Thursday, November 21, 2013

States Need To Up Their Health Insurance Game As ObamaCare Comes Crashing Down And Congress Is Ineffectual: How About A State Reciprocity Law As A Start

ObamaCare is not working from a technological perspective, an insurance perspective, an economic perspective and a public acceptance perspective. The question is quickly becoming not if ObamaCare fails, but how soon.

The current Congress is incapable of passing legislation that will solve the problem and not be vetoed by the President.

The States need to act and they need to act in a uniform but not necessarily identical manner to quickly resolve the health insurance problems across the country created by ObamaCare.

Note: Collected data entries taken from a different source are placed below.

text \<open>Dominated by the envelope, the series \<open>exp (l x) - 1 = \<Sum>n>0. (l x)\<^sup>n / n!\<close> can be
  integrated termwise against \<open>exp (- x) Lev(dx)\<close> up to \<open>l = 1 + lambda0\<close>.\<close>
lemma integral_exp_series_sums:
  assumes l: "0 \<le> l" "l \<le> 1 + lambda0"
  shows "(\<lambda>n. \<integral>x. (l * x) ^ Suc n / fact (Suc n) * exp (- x) \<partial>Lev)
    sums (jump_exponent (- 1) - jump_exponent (l - 1))"
proof -
  define f where "f n x = (l * x) ^ Suc n / fact (Suc n) * exp (- x)" for n x
  define F where "F x = exp ((l - 1) * x) - exp (- x)" for x
  have f_sums: "(\<lambda>n. f n x) sums F x" for x
  proof -
    have "(\<lambda>n. (l * x) ^ Suc n / fact (Suc n)) sums (exp (l * x) - 1)"
      using exp_converges[of "l * x"] by (subst sums_Suc_iff) (simp add: divide_inverse ac_simps)
    then have "(\<lambda>n. (l * x) ^ Suc n / fact (Suc n) * exp (- x)) sums ((exp (l * x) - 1) * exp (- x))"
      by (rule sums_mult2)
    then show ?thesis
      unfolding f_def F_def by (simp add: left_diff_distrib exp_add[symmetric] algebra_simps)
  qed
  have f_nonneg: "0 \<le> f n x" if "0 < x" for n x using that l unfolding f_def by simp
  have f_le: "f n x \<le> F x" if "0 < x" for n x
    using sum_le_suminf[of "\<lambda>j. f j x" "{n}"] f_sums[of x] f_nonneg[OF that] by (simp add: sums_iff)
  have F_le: "\<bar>F x\<bar> \<le> envelope x" if "0 < x" for x
    using that l mult_right_mono[of "l - 1" lambda0 x] mult_right_mono[of "-1" "l - 1" x]
    unfolding F_def envelope_def by simp
  have integrable_F: "integrable Lev F"
    using F_le unfolding F_def by (intro integrable_Lev_dominated) auto
  have integrable_f: "integrable Lev (f n)" for n
  proof (rule integrable_Lev_dominated)
    show "\<bar>f n x\<bar> \<le> envelope x" if "0 < x" for x
      using f_nonneg[OF that, of n] order_trans[OF f_le[OF that] order_trans[OF abs_ge_self F_le[OF that]]]
      by simp
  qed (unfold f_def, measurable)
  have "(\<lambda>n. \<integral>x. f n x \<partial>Lev) sums (\<integral>x. F x \<partial>Lev)"
    using AE_Lev_pos f_nonneg f_sums
    by (intro sums_integral_of_nonneg[OF integrable_f _ _ integrable_F]) (auto elim!: eventually_mono)
  moreover have "(\<integral>x. F x \<partial>Lev) = (\<integral>x. (1 - exp ((- 1) * x)) - (1 - exp ((l - 1) * x)) \<partial>Lev)"
    unfolding F_def by simp
  moreover have "\<dots> = jump_exponent (- 1) - jump_exponent (l - 1)" unfolding jump_exponent_def
    using l lambda0_pos by (intro Bochner_Integration.integral_diff integrable_one_minus_exp) auto
  ultimately show ?thesis unfolding f_def by simp
qed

A good start would be a health insurance reciprocity law.

Reciprocity Law
The States should pass laws that would allow any of their residents to purchase an out of state health insurance policy without the need for new state approvals, if:
  1. The health insurance policy is legal in and offered in the originating state, and
  2. Pays for medical services within the purchaser's state to medical providers doing business in the purchaser's state, and
  3. The originating state of the health insurance policy also allows its residents to buy out of state health insurance policies.
Enactment of a health insurance reciprocity law by the States and DC would create blanket health insurance coverage across the entire US without the need to wait for any federal legislative action.

States will be free to allow any type of health insurance and residents of reciprocal states will be free to choose in-state insurance or out-of-state insurance from reciprocal states.

Insurance companies will get the chance to sell in a larger market with the trade-off that insurance competition will increase.

Add a change at the federal level to the US Tax Code to allow individuals to deduct the cost of health insurance and there will be no need for ObamaCare.